• What is required
Please repeat the lines below, exactly and only, from the one that holds "(simp add: s_def)" through the one that holds "with assms v_n(1) s_nonneg s_le".

[Saved entries]

============================================================

lemma sym_channel_mem_valid_set:
  assumes "M \<ge> 2" "0 \<le> d" "d \<le> 1" "d \<le> D" and dists: "\<forall>P\<in>\<P>. is_dist M P"
  shows "sym_channel M d \<in> valid_set M \<P> D"
proof -
  have "(\<Sum>i=1..M. P i * diag_dist (sym_channel M d) i) = d" if "P \<in> \<P>" for P
    using is_dist_sum[of M P] dists that
    by (simp add: diag_dist_def sym_channel_def flip: sum_distrib_right)
  then show ?thesis
    using assms mechanism_sym_channel[OF assms(1-3)] by (simp add: valid_set_def valid_mech_def)
qed

lemma cond_entropy_sym_channel:
  assumes M: "M \<ge> 2" and "0 \<le> d" and P: "is_dist M P"
  shows "cond_entropy M P (sym_channel M d) = bin_entropy d + d * ln (real M - 1)"
proof -
  have "d * ln (d / (real M - 1)) = xlnx d - d * ln (real M - 1)"
    using M by (cases "d = 0") (simp_all add: ln_div xlnx_eq_mult_ln algebra_simps)
  have row: "(\<Sum>j=1..M. xlnx (sym_channel M d i j)) = - bin_entropy d - d * ln (real M - 1)"
    if "i \<in> {1..M}" for i
  proof -
    have "(\<Sum>j=1..M. xlnx (sym_channel M d i j))
        = (\<Sum>j=1..M. if i = j then xlnx (1 - d) else xlnx (d / (real M - 1)))"
      by (simp add: sym_channel_def if_distrib[of xlnx])
    also have "\<dots> = xlnx (1 - d) + (real M - 1) * xlnx (d / (real M - 1))"
      by (rule sum_if_eq_else[OF that])
    finally show ?thesis
      using M \<open>d * ln (d / (real M - 1)) = xlnx d - d * ln (real M - 1)\<close>
      by (simp add: bin_entropy_def xlnx_eq_mult_ln)
  qed
  have "cond_entropy M P (sym_channel M d) = - (\<Sum>i=1..M. P i * (- bin_entropy d - d * ln (real M - 1)))"
    unfolding cond_entropy_def using row by simp
  then show ?thesis using is_dist_sum[OF P] by (simp flip: sum_distrib_right)
qed

lemma mutual_info_sym_channel_le:
  assumes "M \<ge> 2" "0 \<le> d" "d \<le> 1" "is_dist M P"
  shows "mutual_info M P (sym_channel M d) \<le> ln (real M) - bin_entropy d - d * ln (real M - 1)"
  using mutual_info_le_ln_card_minus_cond_entropy[OF assms(4) mechanism_sym_channel[OF assms(1-3)]]
    cond_entropy_sym_channel[OF assms(1,2,4)]
  by simp

lemma mutual_info_ge_fano:
  assumes M: "M \<ge> 2" and P: "is_dist M P" and Q: "mechanism M Q"
    and distortion: "(\<Sum>i=1..M. P i * diag_dist Q i) \<le> D"
    and D_nonneg: "0 \<le> D" and D_le: "D \<le> (real M - 1) / real M"
  shows "entropy M P - bin_entropy D - D * ln (real M - 1) \<le> mutual_info M P Q"
proof -
  define a where "a = ln (1 - D)"
  define b where "b = ln (D / (real M - 1))"
  define d where "d = (\<Sum>i=1..M. P i * diag_dist Q i)"
  have M_gt: "real M - 1 > 0" using M by simp
  have D_scaled: "D * real M \<le> real M - 1" using D_le M by (simp add: field_simps)
  have "(real M - 1) / real M < 1" using M by simp
  then have D_lt: "D < 1" using D_le by linarith
  have "entropy M P + (\<Sum>i=1..M. \<Sum>j=1..M. P i * Q i j * ln (sym_channel M D i j)) \<le> mutual_info M P Q"
  proof (rule mutual_info_ge_backward_channel[OF P Q])
    show "\<forall>i\<in>{1..M}. \<forall>j\<in>{1..M}. 0 \<le> sym_channel M D i j"
      using D_nonneg D_lt M_gt by (simp add: sym_channel_def)
    show "\<forall>j\<in>{1..M}. (\<Sum>i=1..M. sym_channel M D i j) \<le> 1"
      using sum_sym_channel(2)[OF M] by simp
    show "\<forall>i\<in>{1..M}. \<forall>j\<in>{1..M}. P i * Q i j \<noteq> 0 \<longrightarrow> 0 < sym_channel M D i j"
    proof (intro ballI impI)
      fix i j assume ij: "i \<in> {1..M}" "j \<in> {1..M}" and "P i * Q i j \<noteq> 0"
      \<comment> \<open>off-diagonal entries of the backward channel vanish only for \<open>D = 0\<close>,
        and then so do those of \<open>Q\<close> on the support of \<open>P\<close>\<close>
      then have "i \<noteq> j \<Longrightarrow> D \<noteq> 0"
        using no_distortion_off_diag_zero[OF P Q _ ij] distortion by force
      then show "0 < sym_channel M D i j"
        using D_nonneg D_lt M_gt by (auto simp: sym_channel_def)
    qed
  qed
  moreover have "(\<Sum>i=1..M. \<Sum>j=1..M. P i * Q i j * ln (sym_channel M D i j))
      = (\<Sum>i=1..M. \<Sum>j=1..M. P i * Q i j * (if i = j then a else b))"
    unfolding a_def b_def by (simp add: sym_channel_def if_distrib[of ln])
  also have "\<dots> = a - (a - b) * d"
    using sum_mechanism_diag_off_diag[OF Q, of P a b] is_dist_sum[OF P] by (simp add: d_def)
  moreover have "(a - b) * d \<le> (a - b) * D"
  proof (intro mult_left_mono)
    show "d \<le> D" using distortion by (simp add: d_def)
    have "D \<le> (1 - D) * (real M - 1)" using D_scaled by (simp add: algebra_simps)
    then have "D / (real M - 1) \<le> 1 - D" using M_gt by (simp add: pos_divide_le_eq)
    then show "0 \<le> a - b"
      using D_nonneg D_lt M_gt by (cases "D = 0") (simp_all add: a_def b_def)
  qed
  moreover have "a - (a - b) * D = - bin_entropy D - D * ln (real M - 1)"
    using M_gt by (cases "D = 0")
      (simp_all add: a_def b_def bin_entropy_def xlnx_eq_mult_ln ln_div algebra_simps)
  ultimately show ?thesis by linarith
qed

lemma uniform_dist_is_dist: "M \<ge> 1 \<Longrightarrow> is_dist M (uniform_dist M)"
  by (simp add: is_dist_def uniform_dist_def)

lemma entropy_uniform_dist: "entropy M (uniform_dist M) = ln (real M)"
  by (simp add: entropy_def uniform_dist_def xlnx_eq_mult_ln ln_div)

lemma convex_fset_sum:
  fixes n :: nat and w :: "nat \<Rightarrow> real" and v :: "nat \<Rightarrow> nat \<Rightarrow> real"
  assumes "convex_fset S"
  shows "\<forall>k<n. 0 \<le> w k \<and> v k \<in> S \<Longrightarrow> (\<Sum>k<n. w k) = 1 \<Longrightarrow> (\<lambda>i. \<Sum>k<n. w k * v k i) \<in> S"
proof (induction n arbitrary: w)
  case 0
  then show ?case by simp
next
  case (Suc n)
  define s where "s = (\<Sum>k<n. w k)"
  have s_w: "s + w n = 1" using Suc.prems(2) by (simp add: s_def)
  have s_nonneg: "0 \<le> s" unfolding s_def using Suc.prems(1) by (intro sum_nonneg) simp
  have v_n: "v n \<in> S" "0 \<le> w n" using Suc.prems(1) by simp_all
  then have s_le: "s \<le> 1" using s_w by simp
  show ?case
  proof (cases "s = 0")
    case True
    then have "\<forall>k\<in>{..<n}. w k = 0"
      using Suc.prems(1) by (subst sum_nonneg_eq_0_iff[symmetric]) (auto simp: s_def)
    then have "(\<lambda>i. \<Sum>k<Suc n. w k * v k i) = v n" using s_w True by auto
    with v_n(1) show ?thesis by simp
  next
    case False
    then have "s > 0" using s_nonneg by simp
    have "(\<lambda>i. \<Sum>k<n. w k / s * v k i) \<in> S"
      using Suc.prems(1) \<open>s > 0\<close>
      by (intro Suc.IH) (simp_all add: s_def field_simps flip: sum_divide_distrib)
    with assms v_n(1) s_nonneg s_le
    have "(\<lambda>i. s * (\<Sum>k<n. w k / s * v k i) + (1 - s) * v n i) \<in> S"
      unfolding convex_fset_def by (elim ballE allE[of _ s]) auto
    moreover have "(\<lambda>i. s * (\<Sum>k<n. w k / s * v k i) + (1 - s) * v n i) = (\<lambda>i. \<Sum>k<Suc n. w k * v k i)"
      using \<open>s > 0\<close> s_w by (auto simp: sum_distrib_left)
    ultimately show ?thesis by simp
  qed
qed

lemma uniform_dist_mem:
  assumes "convex_fset S" "class_I M S"
  shows "uniform_dist M \<in> S"
proof -
  obtain n :: nat and w :: "nat \<Rightarrow> real" and v :: "nat \<Rightarrow> nat \<Rightarrow> real"
    where "\<forall>k<n. 0 \<le> w k \<and> v k \<in> S" "(\<Sum>k<n. w k) = 1"
      "uniform_dist M = (\<lambda>i. \<Sum>k<n. w k * v k i)"
    using assms(2) unfolding class_I_def in_convex_hull_def by blast
  then show ?thesis using convex_fset_sum[OF assms(1)] by simp
qed

lemma eps_star_IT_eqI:
  assumes dists: "\<forall>P\<in>\<P>. is_dist M P"
    and Q\<^sub>0: "Q\<^sub>0 \<in> valid_set M \<P> D" and Q\<^sub>0_le: "\<forall>P\<in>\<P>. mutual_info M P Q\<^sub>0 \<le> r"
    and P\<^sub>0: "P\<^sub>0 \<in> \<P>" and P\<^sub>0_ge: "\<forall>Q\<in>valid_set M \<P> D. r \<le> mutual_info M P\<^sub>0 Q"
  shows "eps_star_IT M \<P> D = r"
proof -
  have r_le: "r \<le> eps_IT M \<P> Q" if Q: "Q \<in> valid_set M \<P> D" for Q
  proof -
    have "mechanism M Q" using Q by (simp add: valid_set_def valid_mech_def)
    then have "bdd_above ((\<lambda>P. mutual_info M P Q) ` \<P>)"
      using dists mutual_info_le_ln_card by (intro bdd_aboveI2) blast
    then have "mutual_info M P\<^sub>0 Q \<le> eps_IT M \<P> Q"
      unfolding eps_IT_def using P\<^sub>0 by (rule cSUP_upper2) simp
    then show ?thesis using P\<^sub>0_ge Q by force
  qed
  have "eps_IT M \<P> Q\<^sub>0 \<le> r"
    unfolding eps_IT_def using P\<^sub>0 Q\<^sub>0_le by (intro cSUP_least) auto
  moreover have "eps_star_IT M \<P> D \<le> eps_IT M \<P> Q\<^sub>0"
    unfolding eps_star_IT_def using Q\<^sub>0 r_le by (intro cINF_lower bdd_belowI2) auto
  moreover have "r \<le> eps_star_IT M \<P> D"
    unfolding eps_star_IT_def using Q\<^sub>0 r_le by (intro cINF_greatest) auto
  ultimately show ?thesis by linarith
qed

lemma fano_bound_at_uniform_error_eq_zero:
  assumes "M \<ge> 2"
  shows "ln (real M) - bin_entropy ((real M - 1) / real M) - (real M - 1) / real M * ln (real M - 1) = 0"
proof -
  have M_gt: "real M - 1 > 0" using assms by simp
  have complement: "1 - (real M - 1) / real M = 1 / real M" using M_gt by (simp add: field_simps)
  have ln_error: "ln ((real M - 1) / real M) = ln (real M - 1) - ln (real M)"
    using M_gt by (simp add: ln_div)
  have ln_inverse: "ln (1 / real M) = - ln (real M)" by (simp add: ln_div)
  show ?thesis
    unfolding bin_entropy_def xlnx_eq_mult_ln complement ln_error ln_inverse
    using M_gt by (simp add: field_simps)
qed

============================================================

• Response area
  have s_w: "s + w n = 1" using Suc.prems(2) by (simp add: s_def)
  have s_nonneg: "0 \<le> s" unfolding s_def using Suc.prems(1) by (intro sum_nonneg) simp
  have v_n: "v n \<in> S" "0 \<le> w n" using Suc.prems(1) by simp_all
  then have s_le: "s \<le> 1" using s_w by simp
  show ?case
  proof (cases "s = 0")
    case True
    then have "\<forall>k\<in>{..<n}. w k = 0"
      using Suc.prems(1) by (subst sum_nonneg_eq_0_iff[symmetric]) (auto simp: s_def)
    then have "(\<lambda>i. \<Sum>k<Suc n. w k * v k i) = v n" using s_w True by auto
    with v_n(1) show ?thesis by simp
  next
    case False
    then have "s > 0" using s_nonneg by simp
    have "(\<lambda>i. \<Sum>k<n. w k / s * v k i) \<in> S"
      using Suc.prems(1) \<open>s > 0\<close>
      by (intro Suc.IH) (simp_all add: s_def field_simps flip: sum_divide_distrib)
    with assms v_n(1) s_nonneg s_le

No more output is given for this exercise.